> _Activity_
Pull out of the data below the stretch of lines bounded by the one containing "g \<le> infdist" and the one containing "(simp add: L_def)", both bounds included, unchanged.

Exercise input Start Marker

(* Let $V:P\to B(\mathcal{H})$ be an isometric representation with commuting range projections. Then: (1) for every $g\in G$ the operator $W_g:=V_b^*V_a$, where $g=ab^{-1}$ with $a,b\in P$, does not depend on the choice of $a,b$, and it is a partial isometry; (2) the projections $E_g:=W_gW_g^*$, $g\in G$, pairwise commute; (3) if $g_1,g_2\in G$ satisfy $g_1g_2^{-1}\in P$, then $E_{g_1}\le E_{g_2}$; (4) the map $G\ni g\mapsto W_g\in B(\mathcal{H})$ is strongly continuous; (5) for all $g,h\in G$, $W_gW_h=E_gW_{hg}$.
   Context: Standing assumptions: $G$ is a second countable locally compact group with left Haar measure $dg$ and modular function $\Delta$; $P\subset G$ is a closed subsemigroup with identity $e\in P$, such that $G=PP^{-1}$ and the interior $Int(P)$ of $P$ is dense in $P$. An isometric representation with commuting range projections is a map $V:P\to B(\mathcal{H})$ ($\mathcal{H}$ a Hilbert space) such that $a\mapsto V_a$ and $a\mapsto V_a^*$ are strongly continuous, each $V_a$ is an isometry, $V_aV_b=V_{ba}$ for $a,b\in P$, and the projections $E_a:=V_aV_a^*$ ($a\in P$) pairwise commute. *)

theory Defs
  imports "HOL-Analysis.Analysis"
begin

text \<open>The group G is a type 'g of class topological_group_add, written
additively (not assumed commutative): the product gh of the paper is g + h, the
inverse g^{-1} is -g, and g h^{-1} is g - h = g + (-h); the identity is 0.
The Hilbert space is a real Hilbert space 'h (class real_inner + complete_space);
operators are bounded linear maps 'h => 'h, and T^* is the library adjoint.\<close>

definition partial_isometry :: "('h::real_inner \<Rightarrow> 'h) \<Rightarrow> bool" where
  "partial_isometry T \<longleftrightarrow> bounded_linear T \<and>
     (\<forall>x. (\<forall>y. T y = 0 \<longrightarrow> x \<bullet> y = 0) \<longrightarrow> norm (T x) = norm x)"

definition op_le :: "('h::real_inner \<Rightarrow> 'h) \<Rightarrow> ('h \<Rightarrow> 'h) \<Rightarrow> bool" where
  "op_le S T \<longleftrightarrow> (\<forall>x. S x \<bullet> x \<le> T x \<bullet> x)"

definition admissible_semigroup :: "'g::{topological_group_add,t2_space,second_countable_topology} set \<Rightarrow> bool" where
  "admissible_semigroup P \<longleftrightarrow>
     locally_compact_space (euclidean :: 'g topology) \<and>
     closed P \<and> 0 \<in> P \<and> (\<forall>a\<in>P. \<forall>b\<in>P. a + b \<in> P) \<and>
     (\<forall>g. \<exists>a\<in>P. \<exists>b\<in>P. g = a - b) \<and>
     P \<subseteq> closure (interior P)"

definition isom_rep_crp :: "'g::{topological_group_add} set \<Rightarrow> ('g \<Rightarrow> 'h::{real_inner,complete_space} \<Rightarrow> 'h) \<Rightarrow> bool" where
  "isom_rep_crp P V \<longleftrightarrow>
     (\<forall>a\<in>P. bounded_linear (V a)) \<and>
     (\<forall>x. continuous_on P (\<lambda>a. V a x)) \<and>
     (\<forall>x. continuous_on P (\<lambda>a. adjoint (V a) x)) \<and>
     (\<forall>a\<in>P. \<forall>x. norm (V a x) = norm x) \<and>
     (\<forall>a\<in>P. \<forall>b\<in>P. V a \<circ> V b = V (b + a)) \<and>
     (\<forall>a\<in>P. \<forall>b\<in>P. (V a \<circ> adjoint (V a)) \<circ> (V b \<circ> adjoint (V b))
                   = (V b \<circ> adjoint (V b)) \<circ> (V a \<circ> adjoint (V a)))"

Exercise input End Marker
Exercise input Start Marker

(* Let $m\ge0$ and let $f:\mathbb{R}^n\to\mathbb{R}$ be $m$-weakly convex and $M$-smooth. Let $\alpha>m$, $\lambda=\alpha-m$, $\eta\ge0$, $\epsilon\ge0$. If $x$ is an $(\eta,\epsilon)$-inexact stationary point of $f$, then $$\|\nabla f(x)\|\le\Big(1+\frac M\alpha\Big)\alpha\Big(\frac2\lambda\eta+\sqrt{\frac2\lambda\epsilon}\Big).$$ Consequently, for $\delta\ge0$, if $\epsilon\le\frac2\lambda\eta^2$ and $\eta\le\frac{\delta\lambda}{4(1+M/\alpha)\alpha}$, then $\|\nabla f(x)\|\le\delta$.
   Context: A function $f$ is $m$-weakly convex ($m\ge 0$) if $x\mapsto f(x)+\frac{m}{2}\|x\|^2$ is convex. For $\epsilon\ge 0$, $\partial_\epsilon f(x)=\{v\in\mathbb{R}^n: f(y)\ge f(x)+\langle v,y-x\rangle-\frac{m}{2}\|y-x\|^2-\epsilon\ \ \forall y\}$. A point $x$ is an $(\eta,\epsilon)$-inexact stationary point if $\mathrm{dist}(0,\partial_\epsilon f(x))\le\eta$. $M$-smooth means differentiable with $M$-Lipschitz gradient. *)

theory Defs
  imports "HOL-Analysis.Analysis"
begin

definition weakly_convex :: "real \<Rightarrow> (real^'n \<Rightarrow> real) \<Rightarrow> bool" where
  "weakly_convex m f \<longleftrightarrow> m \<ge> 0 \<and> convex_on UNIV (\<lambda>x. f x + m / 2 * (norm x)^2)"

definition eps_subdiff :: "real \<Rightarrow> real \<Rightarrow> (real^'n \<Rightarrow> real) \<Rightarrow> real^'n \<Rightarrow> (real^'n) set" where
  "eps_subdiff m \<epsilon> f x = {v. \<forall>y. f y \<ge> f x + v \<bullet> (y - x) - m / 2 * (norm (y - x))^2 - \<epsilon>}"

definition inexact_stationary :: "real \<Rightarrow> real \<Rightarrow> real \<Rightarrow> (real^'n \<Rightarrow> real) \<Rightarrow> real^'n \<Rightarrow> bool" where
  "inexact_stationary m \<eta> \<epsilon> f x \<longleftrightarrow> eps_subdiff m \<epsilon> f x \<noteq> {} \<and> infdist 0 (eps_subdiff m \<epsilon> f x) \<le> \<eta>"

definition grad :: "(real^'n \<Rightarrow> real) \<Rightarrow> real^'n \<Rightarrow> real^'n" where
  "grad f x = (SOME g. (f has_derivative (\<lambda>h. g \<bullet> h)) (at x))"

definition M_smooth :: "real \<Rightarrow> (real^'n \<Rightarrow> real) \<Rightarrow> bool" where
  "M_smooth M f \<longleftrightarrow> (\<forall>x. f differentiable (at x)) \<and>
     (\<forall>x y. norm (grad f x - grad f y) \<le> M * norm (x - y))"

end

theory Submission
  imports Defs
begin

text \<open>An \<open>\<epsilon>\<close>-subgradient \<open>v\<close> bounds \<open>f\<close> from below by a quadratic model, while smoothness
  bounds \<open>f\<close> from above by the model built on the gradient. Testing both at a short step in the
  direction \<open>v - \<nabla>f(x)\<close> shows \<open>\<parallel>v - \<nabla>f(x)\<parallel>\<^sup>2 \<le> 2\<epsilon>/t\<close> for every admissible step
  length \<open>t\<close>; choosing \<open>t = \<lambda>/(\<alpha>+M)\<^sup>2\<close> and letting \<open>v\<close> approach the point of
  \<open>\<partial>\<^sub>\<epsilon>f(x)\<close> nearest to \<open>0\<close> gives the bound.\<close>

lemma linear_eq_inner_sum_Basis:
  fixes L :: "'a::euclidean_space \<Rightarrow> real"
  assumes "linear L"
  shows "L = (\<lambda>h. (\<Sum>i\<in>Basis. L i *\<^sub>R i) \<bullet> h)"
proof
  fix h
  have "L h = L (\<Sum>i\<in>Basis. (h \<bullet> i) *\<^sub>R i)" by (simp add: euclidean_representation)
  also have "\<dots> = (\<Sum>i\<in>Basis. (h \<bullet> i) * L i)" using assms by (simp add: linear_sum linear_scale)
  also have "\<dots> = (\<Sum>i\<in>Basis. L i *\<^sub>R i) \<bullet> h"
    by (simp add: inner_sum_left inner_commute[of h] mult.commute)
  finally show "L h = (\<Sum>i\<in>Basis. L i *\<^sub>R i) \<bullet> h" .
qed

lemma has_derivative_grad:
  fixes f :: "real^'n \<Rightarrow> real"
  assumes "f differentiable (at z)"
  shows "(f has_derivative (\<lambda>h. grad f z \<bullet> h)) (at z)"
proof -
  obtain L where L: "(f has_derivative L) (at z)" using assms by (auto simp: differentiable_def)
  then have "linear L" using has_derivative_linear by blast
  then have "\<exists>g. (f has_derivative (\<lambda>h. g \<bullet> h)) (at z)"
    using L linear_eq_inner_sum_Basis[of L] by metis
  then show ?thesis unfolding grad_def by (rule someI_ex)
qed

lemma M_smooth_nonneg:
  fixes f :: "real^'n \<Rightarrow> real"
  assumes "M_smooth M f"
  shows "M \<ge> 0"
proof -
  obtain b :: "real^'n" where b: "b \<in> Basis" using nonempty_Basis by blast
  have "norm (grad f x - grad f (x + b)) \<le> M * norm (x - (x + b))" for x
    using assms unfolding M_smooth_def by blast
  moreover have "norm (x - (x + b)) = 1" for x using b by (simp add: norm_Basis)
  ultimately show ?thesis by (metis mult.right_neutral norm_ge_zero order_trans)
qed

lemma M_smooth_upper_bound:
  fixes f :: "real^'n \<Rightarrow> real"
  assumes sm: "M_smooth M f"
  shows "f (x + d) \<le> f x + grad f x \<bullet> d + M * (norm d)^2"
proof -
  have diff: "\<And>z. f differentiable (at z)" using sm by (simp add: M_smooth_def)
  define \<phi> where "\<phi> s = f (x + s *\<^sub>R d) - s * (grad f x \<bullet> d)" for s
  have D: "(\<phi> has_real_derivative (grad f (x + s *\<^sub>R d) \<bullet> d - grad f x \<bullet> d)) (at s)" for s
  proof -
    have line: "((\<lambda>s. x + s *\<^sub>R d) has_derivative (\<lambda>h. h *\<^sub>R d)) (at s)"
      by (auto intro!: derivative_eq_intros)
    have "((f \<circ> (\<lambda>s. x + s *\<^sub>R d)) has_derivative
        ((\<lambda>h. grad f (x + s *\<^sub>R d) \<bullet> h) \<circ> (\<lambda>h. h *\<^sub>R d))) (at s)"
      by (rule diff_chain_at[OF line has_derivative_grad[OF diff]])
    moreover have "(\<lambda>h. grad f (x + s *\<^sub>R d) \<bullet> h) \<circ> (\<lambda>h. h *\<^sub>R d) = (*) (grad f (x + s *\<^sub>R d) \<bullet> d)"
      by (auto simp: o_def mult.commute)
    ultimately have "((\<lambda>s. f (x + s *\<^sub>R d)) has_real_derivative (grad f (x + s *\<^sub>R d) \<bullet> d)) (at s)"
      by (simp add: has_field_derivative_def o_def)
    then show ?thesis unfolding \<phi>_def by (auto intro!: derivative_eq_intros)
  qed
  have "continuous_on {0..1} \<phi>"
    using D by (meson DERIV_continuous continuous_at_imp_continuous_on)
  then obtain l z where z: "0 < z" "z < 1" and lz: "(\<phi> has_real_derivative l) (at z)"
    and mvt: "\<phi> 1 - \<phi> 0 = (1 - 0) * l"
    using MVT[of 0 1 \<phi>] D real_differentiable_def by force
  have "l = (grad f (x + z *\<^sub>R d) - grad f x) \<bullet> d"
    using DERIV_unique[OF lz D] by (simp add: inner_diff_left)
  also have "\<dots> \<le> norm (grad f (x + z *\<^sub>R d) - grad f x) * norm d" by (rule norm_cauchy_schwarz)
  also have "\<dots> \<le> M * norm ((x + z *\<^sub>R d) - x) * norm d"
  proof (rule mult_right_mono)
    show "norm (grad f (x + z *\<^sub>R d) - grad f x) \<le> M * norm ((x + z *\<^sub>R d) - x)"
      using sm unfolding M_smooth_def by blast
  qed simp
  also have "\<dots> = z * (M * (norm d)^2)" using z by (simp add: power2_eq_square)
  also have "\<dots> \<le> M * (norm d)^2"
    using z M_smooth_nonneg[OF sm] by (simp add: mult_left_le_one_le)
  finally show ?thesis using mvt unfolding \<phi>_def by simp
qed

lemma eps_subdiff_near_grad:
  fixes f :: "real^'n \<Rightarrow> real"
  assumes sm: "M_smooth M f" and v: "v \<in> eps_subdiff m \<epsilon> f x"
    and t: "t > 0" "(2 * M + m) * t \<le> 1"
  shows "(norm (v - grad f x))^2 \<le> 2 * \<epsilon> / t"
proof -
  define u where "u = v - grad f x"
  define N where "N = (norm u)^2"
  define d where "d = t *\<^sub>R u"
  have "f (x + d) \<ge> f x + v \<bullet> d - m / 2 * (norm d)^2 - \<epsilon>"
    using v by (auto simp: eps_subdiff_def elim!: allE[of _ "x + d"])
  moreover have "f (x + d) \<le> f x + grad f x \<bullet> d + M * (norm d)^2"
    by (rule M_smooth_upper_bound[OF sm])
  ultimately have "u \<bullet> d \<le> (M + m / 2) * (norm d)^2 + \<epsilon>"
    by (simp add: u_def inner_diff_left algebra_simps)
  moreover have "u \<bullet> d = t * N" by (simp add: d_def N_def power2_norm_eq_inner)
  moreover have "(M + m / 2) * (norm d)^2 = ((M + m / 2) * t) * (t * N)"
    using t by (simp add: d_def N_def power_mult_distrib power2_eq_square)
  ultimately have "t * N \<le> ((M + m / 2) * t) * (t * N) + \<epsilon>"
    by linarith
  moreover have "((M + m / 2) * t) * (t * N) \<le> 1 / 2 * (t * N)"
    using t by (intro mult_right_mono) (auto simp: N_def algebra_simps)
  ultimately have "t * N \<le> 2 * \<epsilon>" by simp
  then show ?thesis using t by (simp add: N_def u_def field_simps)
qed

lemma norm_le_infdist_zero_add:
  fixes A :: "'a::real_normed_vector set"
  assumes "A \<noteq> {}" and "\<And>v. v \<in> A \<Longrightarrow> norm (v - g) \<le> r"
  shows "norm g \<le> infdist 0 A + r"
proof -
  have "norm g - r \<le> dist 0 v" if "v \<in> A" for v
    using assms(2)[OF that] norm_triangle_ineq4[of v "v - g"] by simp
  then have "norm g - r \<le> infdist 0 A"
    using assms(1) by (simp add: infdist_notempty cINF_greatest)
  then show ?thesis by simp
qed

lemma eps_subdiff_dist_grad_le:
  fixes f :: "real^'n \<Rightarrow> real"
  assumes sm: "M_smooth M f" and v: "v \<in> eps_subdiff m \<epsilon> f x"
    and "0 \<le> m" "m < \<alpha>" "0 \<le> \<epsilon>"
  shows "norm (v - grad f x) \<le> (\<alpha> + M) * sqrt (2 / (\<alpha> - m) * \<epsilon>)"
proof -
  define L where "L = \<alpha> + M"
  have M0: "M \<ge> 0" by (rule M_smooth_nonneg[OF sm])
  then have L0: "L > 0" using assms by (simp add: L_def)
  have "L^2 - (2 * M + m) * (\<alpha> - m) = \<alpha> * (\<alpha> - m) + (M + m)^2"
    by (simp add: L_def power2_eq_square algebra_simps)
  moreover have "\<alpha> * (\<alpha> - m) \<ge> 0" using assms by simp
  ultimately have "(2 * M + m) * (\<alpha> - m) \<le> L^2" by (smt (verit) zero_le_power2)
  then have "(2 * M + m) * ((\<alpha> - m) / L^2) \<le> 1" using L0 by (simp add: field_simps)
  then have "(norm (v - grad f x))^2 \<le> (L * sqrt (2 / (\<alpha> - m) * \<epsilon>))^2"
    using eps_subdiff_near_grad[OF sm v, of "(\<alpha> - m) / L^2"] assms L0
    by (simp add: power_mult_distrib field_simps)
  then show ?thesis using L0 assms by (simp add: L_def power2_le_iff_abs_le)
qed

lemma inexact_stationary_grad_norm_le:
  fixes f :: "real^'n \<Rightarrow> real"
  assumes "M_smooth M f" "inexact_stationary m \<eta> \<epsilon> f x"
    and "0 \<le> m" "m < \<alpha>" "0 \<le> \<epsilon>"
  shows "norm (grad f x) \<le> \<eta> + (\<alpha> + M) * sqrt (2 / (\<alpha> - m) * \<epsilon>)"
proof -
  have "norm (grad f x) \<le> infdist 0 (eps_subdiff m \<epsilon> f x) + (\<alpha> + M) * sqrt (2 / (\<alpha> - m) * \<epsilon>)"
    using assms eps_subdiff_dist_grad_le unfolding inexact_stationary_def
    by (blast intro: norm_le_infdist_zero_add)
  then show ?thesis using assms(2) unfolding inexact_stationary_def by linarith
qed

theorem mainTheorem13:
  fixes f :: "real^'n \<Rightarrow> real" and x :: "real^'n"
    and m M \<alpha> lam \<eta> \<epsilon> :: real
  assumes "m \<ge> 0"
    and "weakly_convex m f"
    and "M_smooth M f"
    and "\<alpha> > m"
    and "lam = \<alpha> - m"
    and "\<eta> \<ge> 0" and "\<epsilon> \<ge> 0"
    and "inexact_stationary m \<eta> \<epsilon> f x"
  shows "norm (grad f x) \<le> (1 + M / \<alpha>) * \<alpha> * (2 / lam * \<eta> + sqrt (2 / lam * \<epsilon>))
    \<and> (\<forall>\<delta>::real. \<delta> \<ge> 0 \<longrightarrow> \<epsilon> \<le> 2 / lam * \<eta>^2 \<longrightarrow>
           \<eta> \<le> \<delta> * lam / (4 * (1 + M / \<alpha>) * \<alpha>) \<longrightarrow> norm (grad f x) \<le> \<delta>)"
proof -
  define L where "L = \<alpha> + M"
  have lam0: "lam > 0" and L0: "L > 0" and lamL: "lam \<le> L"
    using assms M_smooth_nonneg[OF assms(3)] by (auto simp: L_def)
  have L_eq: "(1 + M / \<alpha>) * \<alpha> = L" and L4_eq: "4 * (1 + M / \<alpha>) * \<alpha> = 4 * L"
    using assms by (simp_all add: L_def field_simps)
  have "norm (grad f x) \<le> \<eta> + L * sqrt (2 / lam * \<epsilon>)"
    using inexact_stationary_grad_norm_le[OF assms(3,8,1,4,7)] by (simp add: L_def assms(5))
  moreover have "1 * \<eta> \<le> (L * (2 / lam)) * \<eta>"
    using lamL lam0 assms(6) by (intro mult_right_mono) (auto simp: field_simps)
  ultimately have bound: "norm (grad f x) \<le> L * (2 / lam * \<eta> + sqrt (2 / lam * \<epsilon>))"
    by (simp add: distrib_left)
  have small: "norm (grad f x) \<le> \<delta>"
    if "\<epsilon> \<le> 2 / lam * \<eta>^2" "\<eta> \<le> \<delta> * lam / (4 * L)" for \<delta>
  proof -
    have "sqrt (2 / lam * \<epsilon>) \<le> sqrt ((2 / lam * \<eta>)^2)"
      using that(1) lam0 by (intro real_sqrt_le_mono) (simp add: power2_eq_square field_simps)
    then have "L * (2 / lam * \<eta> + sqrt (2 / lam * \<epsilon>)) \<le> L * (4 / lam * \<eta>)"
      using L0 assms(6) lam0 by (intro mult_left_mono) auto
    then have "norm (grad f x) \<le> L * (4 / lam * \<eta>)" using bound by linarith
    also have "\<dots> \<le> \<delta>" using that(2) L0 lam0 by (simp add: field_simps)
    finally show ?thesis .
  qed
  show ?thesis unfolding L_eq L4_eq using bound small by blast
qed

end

Exercise input End Marker

> _Response_
  shows "norm g \<le> infdist 0 A + r"
proof -
  have "norm g - r \<le> dist 0 v" if "v \<in> A" for v
    using assms(2)[OF that] norm_triangle_ineq4[of v "v - g"] by simp
  then have "norm g - r \<le> infdist 0 A"
    using assms(1) by (simp add: infdist_notempty cINF_greatest)
  then show ?thesis by simp
qed

lemma eps_subdiff_dist_grad_le:
  fixes f :: "real^'n \<Rightarrow> real"
  assumes sm: "M_smooth M f" and v: "v \<in> eps_subdiff m \<epsilon> f x"
    and "0 \<le> m" "m < \<alpha>" "0 \<le> \<epsilon>"
  shows "norm (v - grad f x) \<le> (\<alpha> + M) * sqrt (2 / (\<alpha> - m) * \<epsilon>)"
proof -
  define L where "L = \<alpha> + M"
  have M0: "M \<ge> 0" by (rule M_smooth_nonneg[OF sm])
  then have L0: "L > 0" using assms by (simp add: L_def)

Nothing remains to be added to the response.